**Exercise requirements**
Each line of the records that holds "where" should be shown in full.

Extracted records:
=-=-=-=-=
lemma kmeasure_restrict_params:
  assumes "kmeasure M k C' \<mu>" "C \<subseteq> C'" shows "kmeasure M k C \<mu>"
proof -
  have "Dset M k C \<subseteq> Dset M k C'" using assms(2) by (rule Dset_mono)
  then show ?thesis using assms(1) unfolding kmeasure_def by (simp add: subset_iff)
qed

lemma kmeasure_mix:
  assumes "kmeasure M k C \<mu>1" "kmeasure M k C \<mu>2" "0 \<le> r" "0 \<le> s" "r + s = 1"
  shows "kmeasure M k C (\<lambda>X. r * \<mu>1 X + s * \<mu>2 X)"
  using assms unfolding kmeasure_def by (simp add: distrib_left)

lemma kmeasure_conditional:
  assumes km: "kmeasure M k C \<mu>" and Z: "Z \<in> Dset M k C" and pos: "\<mu> Z > 0"
  shows "kmeasure M k C (\<lambda>X. \<mu> (X \<inter> Z) / \<mu> Z)"
  unfolding kmeasure_def
proof (intro conjI ballI impI)
  have "tuples k \<inter> Z = Z" using Dset_subset_tuples[OF Z] by blast
  then show "\<mu> (tuples k \<inter> Z) / \<mu> Z = 1" using pos by simp
next
  fix X assume "X \<in> Dset M k C"
  then have "0 \<le> \<mu> (X \<inter> Z)" using kmeasure_nonneg[OF km Dset_Int] Z by blast
  then show "0 \<le> \<mu> (X \<inter> Z) / \<mu> Z" using pos by simp
next
  fix X Y assume X: "X \<in> Dset M k C" and Y: "Y \<in> Dset M k C" and XY: "X \<inter> Y = {}"
  have "(X \<union> Y) \<inter> Z = (X \<inter> Z) \<union> (Y \<inter> Z)" "(X \<inter> Z) \<inter> (Y \<inter> Z) = {}" using XY by blast+
  then have "\<mu> ((X \<union> Y) \<inter> Z) = \<mu> (X \<inter> Z) + \<mu> (Y \<inter> Z)"
    using kmeasure_add[OF km Dset_Int[OF X Z] Dset_Int[OF Y Z]] by simp
  then show "\<mu> ((X \<union> Y) \<inter> Z) / \<mu> Z = \<mu> (X \<inter> Z) / \<mu> Z + \<mu> (Y \<inter> Z) / \<mu> Z"
    by (simp add: add_divide_distrib)
qed

lemma kmeasure_pi_y:
  assumes km: "kmeasure M (n + m) C \<omega>" shows "kmeasure M m C (pi_y n m \<omega>)"
  unfolding kmeasure_def pi_y_eq
proof (intro conjI ballI impI)
  show "\<omega> (cyly n m (tuples m)) = 1" using kmeasure_tuples[OF km] by (simp only: cyly_tuples)
next
  fix X assume "X \<in> Dset M m C"
  then show "0 \<le> \<omega> (cyly n m X)" using kmeasure_nonneg[OF km cyly_in_Dset] by blast
next
  fix X Y assume X: "X \<in> Dset M m C" and Y: "Y \<in> Dset M m C" and XY: "X \<inter> Y = {}"
  have "cyly n m (X \<union> Y) = cyly n m X \<union> cyly n m Y" "cyly n m X \<inter> cyly n m Y = {}"
    using XY by (auto simp: cyly_def)
  then show "\<omega> (cyly n m (X \<union> Y)) = \<omega> (cyly n m X) + \<omega> (cyly n m Y)"
    using kmeasure_add[OF km cyly_in_Dset[OF X] cyly_in_Dset[OF Y]] by simp
qed

lemma type_subset_Dset: "is_type M k C q \<Longrightarrow> q \<subseteq> Dset M k C"
  unfolding is_type_def by blast

lemma type_Int: "is_type M k C q \<Longrightarrow> X \<in> q \<Longrightarrow> Y \<in> q \<Longrightarrow> X \<inter> Y \<in> q"
  unfolding is_type_def by blast

lemma type_upward: "is_type M k C q \<Longrightarrow> X \<in> q \<Longrightarrow> Y \<in> Dset M k C \<Longrightarrow> X \<subseteq> Y \<Longrightarrow> Y \<in> q"
  unfolding is_type_def by blast

lemma type_disjoint: "is_type M k C q \<Longrightarrow> X \<in> q \<Longrightarrow> X \<inter> Y = {} \<Longrightarrow> Y \<notin> q"
  unfolding is_type_def by metis

lemma type_Diff_tuples_iff:
  "is_type M k C q \<Longrightarrow> X \<in> Dset M k C \<Longrightarrow> tuples k - X \<in> q \<longleftrightarrow> X \<notin> q"
  using type_disjoint[of M k C q X "tuples k - X"] unfolding is_type_def by blast

lemma type_Un_iff:
  assumes q: "is_type M k C q" and X: "X \<in> Dset M k C" and Y: "Y \<in> Dset M k C"
  shows "X \<union> Y \<in> q \<longleftrightarrow> X \<in> q \<or> Y \<in> q"
proof
  assume "X \<union> Y \<in> q"
  show "X \<in> q \<or> Y \<in> q"
  proof (rule ccontr)
    assume "\<not> (X \<in> q \<or> Y \<in> q)"
    then have "(tuples k - X) \<inter> (tuples k - Y) \<in> q"
      using q X Y by (simp add: type_Int type_Diff_tuples_iff)
    moreover have "(X \<union> Y) \<inter> ((tuples k - X) \<inter> (tuples k - Y)) = {}" by blast
    ultimately show False using type_disjoint[OF q \<open>X \<union> Y \<in> q\<close>] by blast
  qed
next
  show "X \<in> q \<or> Y \<in> q \<Longrightarrow> X \<union> Y \<in> q" using q X Y by (auto intro: type_upward Dset_Un)
qed

lemma type_subset_imp_eq:
  assumes q0: "is_type M k C q0" and q: "is_type M k C q" and sub: "q0 \<subseteq> q"
  shows "q0 = q"
proof (rule ccontr)
  assume "q0 \<noteq> q"
  then obtain Z where Z: "Z \<in> q" "Z \<notin> q0" using sub by blast
  have D: "Z \<in> Dset M k C" using type_subset_Dset[OF q] Z(1) by blast
  then have "tuples k - Z \<in> q" using Z(2) sub by (simp add: type_Diff_tuples_iff[OF q0] subset_iff)
  then show False using Z(1) by (simp add: type_Diff_tuples_iff[OF q D])
qed

lemma type_separating_set:
  assumes q0: "is_type M k C q0" and "finite Q" and Q: "\<forall>q\<in>Q. is_type M k C q" and "q0 \<notin> Q"
  shows "\<exists>\<psi>\<in>q0. \<forall>q\<in>Q. \<psi> \<notin> q"
  using assms(2-4)
proof (induction Q rule: finite_induct)
  case empty
  then show ?case using q0 unfolding is_type_def by blast
next
  case (insert q Q)
  then obtain \<psi> where \<psi>: "\<psi> \<in> q0" "\<forall>q\<in>Q. \<psi> \<notin> q" by auto
  have q: "is_type M k C q" and "q0 \<noteq> q" using insert.prems by auto
  then obtain \<chi> where \<chi>: "\<chi> \<in> q0" "\<chi> \<notin> q" using type_subset_imp_eq[OF q0] by blast
  have "\<psi> \<inter> \<chi> \<notin> q'" if "q' \<in> insert q Q" for q'
  proof
    assume "\<psi> \<inter> \<chi> \<in> q'"
    moreover have "is_type M k C q'" using that insert.prems by blast
    moreover have "\<psi> \<in> Dset M k C" "\<chi> \<in> Dset M k C" using \<psi> \<chi> type_subset_Dset[OF q0] by blast+
    ultimately have "\<psi> \<in> q'" "\<chi> \<in> q'" by (meson Int_lower1 Int_lower2 type_upward)+
    then show False using that \<psi> \<chi> by blast
  qed
  then show ?case using type_Int[OF q0 \<psi>(1) \<chi>(1)] by blast
qed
=-=-=-=-=
**Completed task**
  then obtain Z where Z: "Z \<in> q" "Z \<notin> q0" using sub by blast
  then obtain \<psi> where \<psi>: "\<psi> \<in> q0" "\<forall>q\<in>Q. \<psi> \<notin> q" by auto
  then obtain \<chi> where \<chi>: "\<chi> \<in> q0" "\<chi> \<notin> q" using type_subset_imp_eq[OF q0] by blast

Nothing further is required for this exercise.